# What you should do
Filter the records for "lemma" and keep each line that has it.

Records from a collection
= Beginning of Section =
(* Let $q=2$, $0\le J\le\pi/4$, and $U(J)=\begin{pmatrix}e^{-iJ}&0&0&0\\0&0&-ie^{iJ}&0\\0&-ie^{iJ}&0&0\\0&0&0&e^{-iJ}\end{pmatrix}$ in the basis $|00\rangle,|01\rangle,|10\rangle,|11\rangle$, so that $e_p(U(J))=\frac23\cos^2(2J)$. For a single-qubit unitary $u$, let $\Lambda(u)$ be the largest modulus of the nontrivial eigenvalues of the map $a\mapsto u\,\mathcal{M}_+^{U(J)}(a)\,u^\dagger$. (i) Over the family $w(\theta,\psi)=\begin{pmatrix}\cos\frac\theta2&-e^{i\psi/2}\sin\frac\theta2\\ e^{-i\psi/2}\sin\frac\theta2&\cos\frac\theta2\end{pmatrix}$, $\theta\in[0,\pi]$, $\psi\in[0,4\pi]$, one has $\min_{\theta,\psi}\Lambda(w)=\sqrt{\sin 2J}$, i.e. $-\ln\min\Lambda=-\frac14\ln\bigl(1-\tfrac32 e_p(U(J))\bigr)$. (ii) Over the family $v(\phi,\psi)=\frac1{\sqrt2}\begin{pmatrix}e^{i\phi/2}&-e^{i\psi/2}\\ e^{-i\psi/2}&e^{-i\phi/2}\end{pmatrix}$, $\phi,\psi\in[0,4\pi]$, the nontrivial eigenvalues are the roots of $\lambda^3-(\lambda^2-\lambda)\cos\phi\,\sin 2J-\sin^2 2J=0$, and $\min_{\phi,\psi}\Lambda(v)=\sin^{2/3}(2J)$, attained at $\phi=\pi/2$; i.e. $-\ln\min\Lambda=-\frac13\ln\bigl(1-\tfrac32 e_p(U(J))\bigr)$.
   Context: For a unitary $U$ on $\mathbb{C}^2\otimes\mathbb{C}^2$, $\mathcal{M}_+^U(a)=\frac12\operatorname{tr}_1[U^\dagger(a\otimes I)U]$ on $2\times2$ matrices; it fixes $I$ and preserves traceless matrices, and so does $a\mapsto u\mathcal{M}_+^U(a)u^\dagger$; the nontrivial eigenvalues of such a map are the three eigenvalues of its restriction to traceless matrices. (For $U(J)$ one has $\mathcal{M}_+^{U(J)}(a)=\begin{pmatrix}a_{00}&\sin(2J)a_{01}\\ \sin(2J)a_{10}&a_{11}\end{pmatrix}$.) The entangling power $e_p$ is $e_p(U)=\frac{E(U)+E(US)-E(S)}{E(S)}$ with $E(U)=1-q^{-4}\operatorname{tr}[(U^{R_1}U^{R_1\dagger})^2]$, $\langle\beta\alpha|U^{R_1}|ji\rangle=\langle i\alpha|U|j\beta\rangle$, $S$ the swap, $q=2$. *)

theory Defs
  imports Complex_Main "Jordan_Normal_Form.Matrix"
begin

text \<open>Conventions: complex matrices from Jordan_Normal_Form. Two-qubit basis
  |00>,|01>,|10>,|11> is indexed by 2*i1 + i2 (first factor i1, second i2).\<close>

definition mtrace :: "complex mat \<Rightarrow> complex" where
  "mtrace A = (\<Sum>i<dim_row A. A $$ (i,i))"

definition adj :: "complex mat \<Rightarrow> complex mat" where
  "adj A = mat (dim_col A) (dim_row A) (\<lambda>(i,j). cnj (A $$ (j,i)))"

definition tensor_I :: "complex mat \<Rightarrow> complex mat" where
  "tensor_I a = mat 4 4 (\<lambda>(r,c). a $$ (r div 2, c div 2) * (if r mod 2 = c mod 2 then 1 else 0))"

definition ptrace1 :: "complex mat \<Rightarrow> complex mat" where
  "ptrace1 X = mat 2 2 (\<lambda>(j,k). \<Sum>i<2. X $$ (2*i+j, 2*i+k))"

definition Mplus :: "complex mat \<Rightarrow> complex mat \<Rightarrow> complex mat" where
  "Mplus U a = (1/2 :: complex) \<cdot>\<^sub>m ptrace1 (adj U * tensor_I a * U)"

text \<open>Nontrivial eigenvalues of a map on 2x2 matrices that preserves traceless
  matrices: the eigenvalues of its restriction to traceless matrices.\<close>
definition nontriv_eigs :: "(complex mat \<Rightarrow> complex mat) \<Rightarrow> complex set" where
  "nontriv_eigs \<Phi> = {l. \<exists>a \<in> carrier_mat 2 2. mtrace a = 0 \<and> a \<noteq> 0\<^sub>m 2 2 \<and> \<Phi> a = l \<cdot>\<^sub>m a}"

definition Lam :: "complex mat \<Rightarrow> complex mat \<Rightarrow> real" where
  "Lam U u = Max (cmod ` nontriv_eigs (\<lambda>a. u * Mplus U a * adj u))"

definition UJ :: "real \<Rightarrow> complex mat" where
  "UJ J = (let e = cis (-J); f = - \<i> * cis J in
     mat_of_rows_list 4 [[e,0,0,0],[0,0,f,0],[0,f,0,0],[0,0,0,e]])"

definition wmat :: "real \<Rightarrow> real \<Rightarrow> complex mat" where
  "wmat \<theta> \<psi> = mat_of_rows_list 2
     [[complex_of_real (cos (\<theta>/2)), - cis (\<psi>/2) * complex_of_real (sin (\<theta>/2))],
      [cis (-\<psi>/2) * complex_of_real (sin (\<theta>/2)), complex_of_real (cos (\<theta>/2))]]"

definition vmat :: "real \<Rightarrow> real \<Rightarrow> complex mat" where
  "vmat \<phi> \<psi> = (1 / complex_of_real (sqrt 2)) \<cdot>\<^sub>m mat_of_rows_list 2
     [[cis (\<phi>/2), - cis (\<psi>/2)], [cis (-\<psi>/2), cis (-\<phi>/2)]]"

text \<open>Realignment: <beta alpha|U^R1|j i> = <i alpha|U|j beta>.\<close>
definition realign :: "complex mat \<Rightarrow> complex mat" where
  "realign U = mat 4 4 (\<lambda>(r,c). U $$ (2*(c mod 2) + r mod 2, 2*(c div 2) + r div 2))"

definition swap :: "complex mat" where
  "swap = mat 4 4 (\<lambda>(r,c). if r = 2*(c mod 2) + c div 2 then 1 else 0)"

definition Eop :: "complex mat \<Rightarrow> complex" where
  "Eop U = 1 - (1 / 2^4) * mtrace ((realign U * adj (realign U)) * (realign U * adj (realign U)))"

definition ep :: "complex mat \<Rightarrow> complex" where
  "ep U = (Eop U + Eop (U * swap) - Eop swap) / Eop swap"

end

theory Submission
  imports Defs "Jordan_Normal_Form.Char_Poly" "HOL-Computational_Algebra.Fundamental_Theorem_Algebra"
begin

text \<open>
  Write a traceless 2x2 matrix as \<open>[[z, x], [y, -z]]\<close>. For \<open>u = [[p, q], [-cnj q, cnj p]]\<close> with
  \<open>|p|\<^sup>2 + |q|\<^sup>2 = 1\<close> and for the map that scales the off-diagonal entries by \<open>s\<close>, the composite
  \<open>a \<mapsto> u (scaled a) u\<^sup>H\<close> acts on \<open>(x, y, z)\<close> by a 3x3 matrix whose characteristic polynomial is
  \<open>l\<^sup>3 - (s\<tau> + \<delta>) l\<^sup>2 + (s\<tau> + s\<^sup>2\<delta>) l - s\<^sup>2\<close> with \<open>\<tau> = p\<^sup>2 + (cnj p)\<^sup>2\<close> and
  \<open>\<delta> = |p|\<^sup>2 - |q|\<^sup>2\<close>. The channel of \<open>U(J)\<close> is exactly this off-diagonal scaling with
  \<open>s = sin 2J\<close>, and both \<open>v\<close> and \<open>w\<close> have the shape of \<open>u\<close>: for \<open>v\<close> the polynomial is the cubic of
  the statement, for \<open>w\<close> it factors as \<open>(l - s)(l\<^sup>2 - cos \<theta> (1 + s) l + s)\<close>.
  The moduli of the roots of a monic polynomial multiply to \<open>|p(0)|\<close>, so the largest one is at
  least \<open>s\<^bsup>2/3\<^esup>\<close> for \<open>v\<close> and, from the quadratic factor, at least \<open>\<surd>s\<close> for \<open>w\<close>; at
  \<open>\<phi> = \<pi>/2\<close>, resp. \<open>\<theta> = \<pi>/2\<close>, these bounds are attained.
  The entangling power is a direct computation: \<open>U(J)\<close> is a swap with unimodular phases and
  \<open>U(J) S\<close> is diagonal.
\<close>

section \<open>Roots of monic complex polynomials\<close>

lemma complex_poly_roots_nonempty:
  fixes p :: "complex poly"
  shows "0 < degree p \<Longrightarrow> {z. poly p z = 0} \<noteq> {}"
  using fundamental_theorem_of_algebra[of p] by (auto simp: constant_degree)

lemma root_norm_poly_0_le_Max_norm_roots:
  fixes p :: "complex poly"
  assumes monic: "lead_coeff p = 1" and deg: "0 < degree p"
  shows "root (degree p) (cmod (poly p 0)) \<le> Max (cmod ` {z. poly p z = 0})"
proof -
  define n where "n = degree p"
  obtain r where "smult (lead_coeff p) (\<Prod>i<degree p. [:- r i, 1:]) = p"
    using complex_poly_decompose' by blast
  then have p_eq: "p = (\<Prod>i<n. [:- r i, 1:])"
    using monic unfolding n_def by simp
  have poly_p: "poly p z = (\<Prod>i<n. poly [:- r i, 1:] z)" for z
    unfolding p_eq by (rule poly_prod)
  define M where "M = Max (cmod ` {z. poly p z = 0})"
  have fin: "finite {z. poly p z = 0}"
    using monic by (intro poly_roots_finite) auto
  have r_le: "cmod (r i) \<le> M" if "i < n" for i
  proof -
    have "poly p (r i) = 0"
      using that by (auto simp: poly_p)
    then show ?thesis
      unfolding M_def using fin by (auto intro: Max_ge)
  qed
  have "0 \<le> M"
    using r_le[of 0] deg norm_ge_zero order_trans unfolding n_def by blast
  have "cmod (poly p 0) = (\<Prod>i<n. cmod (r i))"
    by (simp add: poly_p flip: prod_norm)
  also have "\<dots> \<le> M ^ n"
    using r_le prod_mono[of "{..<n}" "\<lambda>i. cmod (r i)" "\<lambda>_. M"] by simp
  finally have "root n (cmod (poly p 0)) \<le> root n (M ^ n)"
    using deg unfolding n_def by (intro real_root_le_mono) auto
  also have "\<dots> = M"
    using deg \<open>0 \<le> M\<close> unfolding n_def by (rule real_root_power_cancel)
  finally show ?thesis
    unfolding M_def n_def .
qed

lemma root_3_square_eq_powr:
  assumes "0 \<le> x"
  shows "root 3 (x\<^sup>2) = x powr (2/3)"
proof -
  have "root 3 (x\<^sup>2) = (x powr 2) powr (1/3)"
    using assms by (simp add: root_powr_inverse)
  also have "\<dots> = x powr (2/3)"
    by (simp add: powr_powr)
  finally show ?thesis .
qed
= End of Section =
# Answer box
lemma complex_poly_roots_nonempty:
lemma root_norm_poly_0_le_Max_norm_roots:
lemma root_3_square_eq_powr:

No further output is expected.